==== EXTRACTED DATA ====

(* Suppose that the comparison equation $(-\Delta+V^0)\phi=0$ has a solution basis $\phi^\pm$ such that $\lim_{n \to \infty}\phi_n^- = 0$, $|\phi_n^+|$ is monotonically nondecreasing for sufficiently large $n$, and $\beta_n := (V_n - V^0_n)/W$ satisfies $\beta_n (1 + |\phi_n^+ \phi_n^-|^2) \in\ell^1$. Then for $N$ sufficiently large, ${\cal M}$ is a contraction on ${\cal B}_N$. Consequently, there exists a unique solution $\psi^-$ of $(-\Delta+V)\psi=0$ such that $\psi_n^- = a_n^+ \phi_n^+ + a_n^- \phi_n^-$, where $\lim_{n \to \infty}{a_n^+} = 0$ and $\lim_{n \to \infty}{a_n^-} = 1$. Moreover, if we define $\widehat{\psi}_n^- := \max_{m \ge n}{|\phi_m^-|}$, then $\psi_n^- = \phi_n^- + r_n \widehat{\psi}_n^-$, with $\lim_{n \to \infty}{r_n} = 0$.
   Context: On the positive integers, $(\Delta f)_n = f_{n+1}+f_{n-1}-2f_n$, and one considers $(-\Delta+V)\psi=0$ and the comparison equation $(-\Delta+V^0)\phi=0$ with real potentials $V_n, V^0_n$. For independent solutions $\phi^\pm$ of the comparison equation, $W = \phi^-_n\phi^+_{n+1}-\phi^-_{n+1}\phi^+_n$ is their (constant) Wronskian and $\beta_n = (V_n-V^0_n)/W$. Solutions of $(-\Delta+V)\psi=0$ are written $\psi_n = a_n^+\phi_n^+ + a_n^-\phi_n^-$ with variable coefficients. The weighted Banach space is ${\cal B}_N=\{\mathbf{X}=(X^+_n,X^-_n)^T : \|\mathbf{X}\|_N := \sup_{n\ge N}(|(\phi^+_n)^2X^+_n|+|X^-_n|)<\infty\}$, and ${\cal M}$ is the linear operator $({\cal M}\mathbf{X})_n := \sum_{k=0}^\infty \beta_{n+k}\begin{pmatrix}\phi^+_{n+k}\phi^-_{n+k} & (\phi^-_{n+k})^2\\ -(\phi^+_{n+k})^2 & -\phi^+_{n+k}\phi^-_{n+k}\end{pmatrix}\mathbf{X}_{n+k}$; the coefficient vector $\mathbf{a}=(a^+_n,a^-_n)^T$ solves $\mathbf{a} = (0,1)^T - {\cal M}\mathbf{a}$. *)

theory Defs
  imports "HOL-Analysis.Analysis"
begin

text \<open>Sequences are functions nat => real; the difference equations are imposed
for all n >= 1 (so that n - 1 is meaningful).\<close>

definition lap :: "(nat \<Rightarrow> real) \<Rightarrow> nat \<Rightarrow> real" where
  "lap f n = f (n + 1) + f (n - 1) - 2 * f n"

definition solves :: "(nat \<Rightarrow> real) \<Rightarrow> (nat \<Rightarrow> real) \<Rightarrow> bool" where
  "solves V f \<longleftrightarrow> (\<forall>n\<ge>1. - lap f n + V n * f n = 0)"

text \<open>Wronskian W = phi^-_n phi^+_(n+1) - phi^-_(n+1) phi^+_n (constant for solutions; taken at n = 0).\<close>
definition wronskian :: "(nat \<Rightarrow> real) \<Rightarrow> (nat \<Rightarrow> real) \<Rightarrow> real" where
  "wronskian pm pp = pm 0 * pp 1 - pm 1 * pp 0"

definition beta :: "(nat \<Rightarrow> real) \<Rightarrow> (nat \<Rightarrow> real) \<Rightarrow> (nat \<Rightarrow> real) \<Rightarrow> (nat \<Rightarrow> real) \<Rightarrow> nat \<Rightarrow> real" where
  "beta V V0 pm pp n = (V n - V0 n) / wronskian pm pp"

definition BN_seq :: "(nat \<Rightarrow> real) \<Rightarrow> (nat \<Rightarrow> real \<times> real) \<Rightarrow> nat \<Rightarrow> real" where
  "BN_seq pp X n = \<bar>(pp n)\<^sup>2 * fst (X n)\<bar> + \<bar>snd (X n)\<bar>"

definition in_BN :: "(nat \<Rightarrow> real) \<Rightarrow> nat \<Rightarrow> (nat \<Rightarrow> real \<times> real) \<Rightarrow> bool" where
  "in_BN pp N X \<longleftrightarrow> bdd_above (BN_seq pp X ` {N..})"

definition BN_norm :: "(nat \<Rightarrow> real) \<Rightarrow> nat \<Rightarrow> (nat \<Rightarrow> real \<times> real) \<Rightarrow> real" where
  "BN_norm pp N X = (SUP n\<in>{N..}. BN_seq pp X n)"

definition M_plus_term :: "(nat \<Rightarrow> real) \<Rightarrow> (nat \<Rightarrow> real) \<Rightarrow> (nat \<Rightarrow> real) \<Rightarrow> (nat \<Rightarrow> real)
    \<Rightarrow> (nat \<Rightarrow> real \<times> real) \<Rightarrow> nat \<Rightarrow> nat \<Rightarrow> real" where
  "M_plus_term V V0 pm pp X n k = beta V V0 pm pp (n + k) *
     (pp (n + k) * pm (n + k) * fst (X (n + k)) + (pm (n + k))\<^sup>2 * snd (X (n + k)))"

definition M_minus_term :: "(nat \<Rightarrow> real) \<Rightarrow> (nat \<Rightarrow> real) \<Rightarrow> (nat \<Rightarrow> real) \<Rightarrow> (nat \<Rightarrow> real)
    \<Rightarrow> (nat \<Rightarrow> real \<times> real) \<Rightarrow> nat \<Rightarrow> nat \<Rightarrow> real" where
  "M_minus_term V V0 pm pp X n k = beta V V0 pm pp (n + k) *
     (- (pp (n + k))\<^sup>2 * fst (X (n + k)) - pp (n + k) * pm (n + k) * snd (X (n + k)))"

definition M_op :: "(nat \<Rightarrow> real) \<Rightarrow> (nat \<Rightarrow> real) \<Rightarrow> (nat \<Rightarrow> real) \<Rightarrow> (nat \<Rightarrow> real)
    \<Rightarrow> (nat \<Rightarrow> real \<times> real) \<Rightarrow> nat \<Rightarrow> real \<times> real" where
  "M_op V V0 pm pp X n =
     ((\<Sum>k. M_plus_term V V0 pm pp X n k), (\<Sum>k. M_minus_term V V0 pm pp X n k))"

definition M_contraction_on_BN :: "(nat \<Rightarrow> real) \<Rightarrow> (nat \<Rightarrow> real) \<Rightarrow> (nat \<Rightarrow> real) \<Rightarrow> (nat \<Rightarrow> real)
    \<Rightarrow> nat \<Rightarrow> bool" where
  "M_contraction_on_BN V V0 pm pp N \<longleftrightarrow>
     (\<exists>q::real. 0 \<le> q \<and> q < 1 \<and>
        (\<forall>X. in_BN pp N X \<longrightarrow>
           (\<forall>n\<ge>N. summable (M_plus_term V V0 pm pp X n) \<and> summable (M_minus_term V V0 pm pp X n))
           \<and> in_BN pp N (M_op V V0 pm pp X)
           \<and> BN_norm pp N (M_op V V0 pm pp X) \<le> q * BN_norm pp N X))"

text \<open>Variable coefficients (variation of parameters) of psi w.r.t. phi^+-, for n >= 1:
  psi_n = a^+_n phi^+_n + a^-_n phi^-_n and psi_(n-1) = a^+_n phi^+_(n-1) + a^-_n phi^-_(n-1).
  These are exactly the coefficients satisfying a_(n+1) - a_n = beta_n K_n a_n, i.e. a = (0,1) - M a.\<close>
definition coeff_plus :: "(nat \<Rightarrow> real) \<Rightarrow> (nat \<Rightarrow> real) \<Rightarrow> (nat \<Rightarrow> real) \<Rightarrow> nat \<Rightarrow> real" where
  "coeff_plus pm pp psi n = (pm (n - 1) * psi n - pm n * psi (n - 1)) / wronskian pm pp"

definition coeff_minus :: "(nat \<Rightarrow> real) \<Rightarrow> (nat \<Rightarrow> real) \<Rightarrow> (nat \<Rightarrow> real) \<Rightarrow> nat \<Rightarrow> real" where
  "coeff_minus pm pp psi n = (psi (n - 1) * pp n - psi n * pp (n - 1)) / wronskian pm pp"

definition psi_hat :: "(nat \<Rightarrow> real) \<Rightarrow> nat \<Rightarrow> real" where
  "psi_hat pm n = (SUP m\<in>{n..}. \<bar>pm m\<bar>)"

end

theory Submission
  imports Defs
begin

text \<open>Write \<open>\<psi> = a\<^sup>+ \<phi>\<^sup>+ + a\<^sup>- \<phi>\<^sup>-\<close> (variation of parameters). Then \<open>\<psi>\<close> solves
  \<open>(-\<Delta>+V)\<psi> = 0\<close> as soon as \<open>a(n+1) - a(n) = \<beta>(n) K(n) a(n)\<close>, where \<open>K(n)\<close> is the
  rank-one matrix in the definition of \<open>M\<close>; summing these increments from \<open>n\<close> to \<open>\<infinity>\<close> with
  \<open>a \<longlonglongrightarrow> (0,1)\<close> gives \<open>a = (0,1) - M a\<close>. Because \<open>|\<phi>\<^sup>+(n)| \<le> |\<phi>\<^sup>+(n+k)|\<close>, the \<open>n\<close>-th
  component of \<open>M X\<close> is bounded in the weighted norm by \<open>4 \<parallel>X\<parallel>\<^sub>N T(n)\<close>, where
  \<open>T(n) = \<Sum>\<^sub>k\<^sub>\<ge>\<^sub>n |\<beta>(k)| (1 + |\<phi>\<^sup>+(k) \<phi>\<^sup>-(k)|\<^sup>2)\<close> is an \<open>\<ell>\<^sup>1\<close> tail. So \<open>M\<close> is a contraction
  once \<open>T(N)\<close> is small, Banach's fixed point theorem provides the coefficients, and the same
  bound makes \<open>a\<^sup>+(n)\<close>, \<open>a\<^sup>-(n) - 1\<close> and \<open>(\<psi>(n) - \<phi>\<^sup>-(n)) / psi_hat(n)\<close> of order \<open>T(n)\<close>.
  For uniqueness, the Casorati determinant of two such solutions is constant and, written
  through their coefficients, tends to 0; so they are proportional, and \<open>a\<^sup>- \<longlonglongrightarrow> 1\<close> forces
  them to coincide.\<close>

lemma solves_recurrence:
  assumes "solves V f"
  shows "f (Suc (Suc n)) = (2 + V (Suc n)) * f (Suc n) - f n"
proof -
  have "- lap f (Suc n) + V (Suc n) * f (Suc n) = 0"
    using assms unfolding solves_def by auto
  then show ?thesis unfolding lap_def by (simp add: algebra_simps)
qed

lemma casorati_const:
  assumes "solves V f" "solves V g"
  shows "f n * g (Suc n) - f (Suc n) * g n = f 0 * g 1 - f 1 * g 0"
proof (induction n)
  case (Suc n)
  have "f (Suc n) * g (Suc (Suc n)) - f (Suc (Suc n)) * g (Suc n)
      = f n * g (Suc n) - f (Suc n) * g n"
    unfolding solves_recurrence[OF assms(1)] solves_recurrence[OF assms(2)]
    by (simp add: algebra_simps)
  then show ?case using Suc by simp
qed simp

lemma solves_diff_scaled:
  assumes "solves V f" "solves V g"
  shows "solves V (\<lambda>n. f n - c * g n)"
  unfolding solves_def
proof (intro allI impI)
  fix n :: nat
  assume "n \<ge> 1"
  then have "- lap f n + V n * f n = 0" "- lap g n + V n * g n = 0"
    using assms by (auto simp: solves_def)
  moreover have "- lap (\<lambda>n. f n - c * g n) n + V n * (f n - c * g n)
      = (- lap f n + V n * f n) - c * (- lap g n + V n * g n)"
    by (simp add: lap_def algebra_simps)
  ultimately show "- lap (\<lambda>n. f n - c * g n) n + V n * (f n - c * g n) = 0"
    by simp
qed

lemma solves_eq_0_if_consecutive_zeros:
  assumes E: "solves V E" and "E k = 0" "E (Suc k) = 0"
  shows "E n = 0"
proof -
  have forward: "E (k + i) = 0 \<and> E (Suc (k + i)) = 0" for i
    by (induction i) (use assms solves_recurrence[OF E] in auto)
  have backward: "E (k - i) = 0 \<and> E (Suc (k - i)) = 0" if "i \<le> k" for i
    using that
  proof (induction i)
    case (Suc i)
    then have "E (Suc (k - Suc i)) = 0" "E (Suc (Suc (k - Suc i))) = 0"
      by (simp_all add: Suc_diff_Suc)
    then show ?case
      using solves_recurrence[OF E, of "k - Suc i"] by simp
  qed (use assms in simp)
  show ?thesis
    using forward[of "n - k"] backward[of "k - n"]
    by (cases "k \<le> n") simp_all
qed

lemma solves_proportional_if_casorati_zero:
  assumes f: "solves V f" and g: "solves V g" and "g k \<noteq> 0"
    and "f 0 * g 1 - f 1 * g 0 = 0"
  shows "f n = (f k / g k) * g n"
proof -
  define E where "E n = f n - (f k / g k) * g n" for n
  have "solves V E"
    unfolding E_def[abs_def] by (rule solves_diff_scaled[OF f g])
  moreover have "E k = 0"
    using assms(3) by (simp add: E_def)
  moreover have "E (Suc k) = 0"
    using casorati_const[OF f g, of k] assms(3,4) by (simp add: E_def field_simps)
  ultimately have "E n = 0"
    by (rule solves_eq_0_if_consecutive_zeros)
  then show ?thesis by (simp add: E_def)
qed

lemma solves_extend_tail:
  "\<forall>n\<ge>Suc N. - lap g n + V n * g n = 0 \<Longrightarrow> \<exists>f. solves V f \<and> (\<forall>n\<ge>N. f n = g n)"
proof (induction N arbitrary: g)
  case 0
  then show ?case by (intro exI[of _ g]) (auto simp: solves_def)
next
  case (Suc N)
  define g' where "g' = g(N := (2 + V (Suc N)) * g (Suc N) - g (Suc (Suc N)))"
  have "\<forall>n\<ge>Suc N. - lap g' n + V n * g' n = 0"
  proof (intro allI impI)
    fix n
    assume "n \<ge> Suc N"
    then consider "n = Suc N" | "n \<ge> Suc (Suc N)" by linarith
    then show "- lap g' n + V n * g' n = 0"
    proof cases
      case 1
      then show ?thesis by (simp add: lap_def g'_def algebra_simps)
    next
      case 2
      then have "lap g' n = lap g n" "g' n = g n" by (auto simp: lap_def g'_def)
      then show ?thesis using Suc.prems 2 by simp
    qed
  qed
  then obtain f where "solves V f" "\<forall>n\<ge>N. f n = g' n"
    using Suc.IH by blast
  then show ?case by (intro exI[of _ f]) (auto simp: g'_def)
qed

lemma coeff_plus_diff_scaled:
  "coeff_plus pm pp (\<lambda>n. f n - c * g n) n = coeff_plus pm pp f n - c * coeff_plus pm pp g n"
  unfolding coeff_plus_def by (cases "wronskian pm pp = 0") (simp_all add: field_simps)

lemma coeff_minus_diff_scaled:
  "coeff_minus pm pp (\<lambda>n. f n - c * g n) n = coeff_minus pm pp f n - c * coeff_minus pm pp g n"
  unfolding coeff_minus_def by (cases "wronskian pm pp = 0") (simp_all add: field_simps)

====

## WHAT TO DO
Figure out how many lines of the material include "backward", then reply with the count alone.

## EXERCISE RESPONSE
2